Dataset extract:
lemma snd_phi_normal: "snd (\<phi> (x, 0)) = 0"
proof -
  define \<sigma> where "\<sigma> g = snd (\<phi> g)" for g
  have \<sigma>_mult: "\<sigma> (gmul d g h) = \<sigma> g + \<sigma> h" for g h
    using hom[of g h] by (simp add: \<sigma>_def gmul_eq)
  have \<sigma>_unit: "\<sigma> (0, 0) = 0"
    using \<sigma>_mult[of "(0, 0)" "(0, 0)"] by (simp add: gmul_eq)
  have \<sigma>_translation_inverse: "\<sigma> (0, t) + \<sigma> (0, - t) = 0" for t
    using \<sigma>_mult[of "(0, t)" "(0, - t)"] by (simp add: gmul_eq \<sigma>_unit)
  have \<sigma>_normal_inverse: "\<sigma> (y, 0) + \<sigma> (- y, 0) = 0" for y
    using \<sigma>_mult[of "(y, 0)" "(- y, 0)"] by (simp add: gmul_eq \<sigma>_unit)
  fix i :: 'm
  define t where "t = axis i (1::real)"
  define y where "y = (\<chi> k. x $ k / (exp (d i k) - 1))"
  have "exp (d i k) * (x $ k / (exp (d i k) - 1)) - x $ k / (exp (d i k) - 1) = x $ k" for k
    using nonsing[of i k] by (simp add: divide_simps) (simp add: algebra_simps)
  then have "eta d t y - y = x"
    by (simp add: vec_eq_iff eta_nth t_def y_def Omega_mult_axis_nth)
  then have "(x, 0) = gmul d (gmul d (gmul d (0, t) (y, 0)) (0, - t)) (- y, 0)"
    by (simp add: gmul_eq)
  then have "\<sigma> (x, 0) = (\<sigma> (0, t) + \<sigma> (0, - t)) + (\<sigma> (y, 0) + \<sigma> (- y, 0))"
    by (simp add: \<sigma>_mult ac_simps)
  also have "\<dots> = 0"
    by (simp add: \<sigma>_translation_inverse \<sigma>_normal_inverse)
  finally show ?thesis
    by (simp add: \<sigma>_def)
qed

lemma phi_decomp: "\<phi> (x, t) = (fst (\<phi> (x, 0)) + fst (\<phi> (0, t)), snd (\<phi> (0, t)))"
  using hom[of "(x, 0)" "(0, t)"] snd_phi_normal[of x] by (simp add: gmul_eq)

Exercise requirements: This exercise requires all the entries to be written out again exactly.

Output for this task:
lemma snd_phi_normal: "snd (\<phi> (x, 0)) = 0"
proof -
  define \<sigma> where "\<sigma> g = snd (\<phi> g)" for g
  have \<sigma>_mult: "\<sigma> (gmul d g h) = \<sigma> g + \<sigma> h" for g h
    using hom[of g h] by (simp add: \<sigma>_def gmul_eq)
  have \<sigma>_unit: "\<sigma> (0, 0) = 0"
    using \<sigma>_mult[of "(0, 0)" "(0, 0)"] by (simp add: gmul_eq)
  have \<sigma>_translation_inverse: "\<sigma> (0, t) + \<sigma> (0, - t) = 0" for t
    using \<sigma>_mult[of "(0, t)" "(0, - t)"] by (simp add: gmul_eq \<sigma>_unit)
  have \<sigma>_normal_inverse: "\<sigma> (y, 0) + \<sigma> (- y, 0) = 0" for y
    using \<sigma>_mult[of "(y, 0)" "(- y, 0)"] by (simp add: gmul_eq \<sigma>_unit)
  fix i :: 'm
  define t where "t = axis i (1::real)"
  define y where "y = (\<chi> k. x $ k / (exp (d i k) - 1))"
  have "exp (d i k) * (x $ k / (exp (d i k) - 1)) - x $ k / (exp (d i k) - 1) = x $ k" for k
    using nonsing[of i k] by (simp add: divide_simps) (simp add: algebra_simps)
  then have "eta d t y - y = x"
    by (simp add: vec_eq_iff eta_nth t_def y_def Omega_mult_axis_nth)
  then have "(x, 0) = gmul d (gmul d (gmul d (0, t) (y, 0)) (0, - t)) (- y, 0)"
    by (simp add: gmul_eq)
  then have "\<sigma> (x, 0) = (\<sigma> (0, t) + \<sigma> (0, - t)) + (\<sigma> (y, 0) + \<sigma> (- y, 0))"
    by (simp add: \<sigma>_mult ac_simps)
  also have "\<dots> = 0"
    by (simp add: \<sigma>_translation_inverse \<sigma>_normal_inverse)
  finally show ?thesis
    by (simp add: \<sigma>_def)
qed

lemma phi_decomp: "\<phi> (x, t) = (fst (\<phi> (x, 0)) + fst (\<phi> (0, t)), snd (\<phi> (0, t)))"
  using hom[of "(x, 0)" "(0, t)"] snd_phi_normal[of x] by (simp add: gmul_eq)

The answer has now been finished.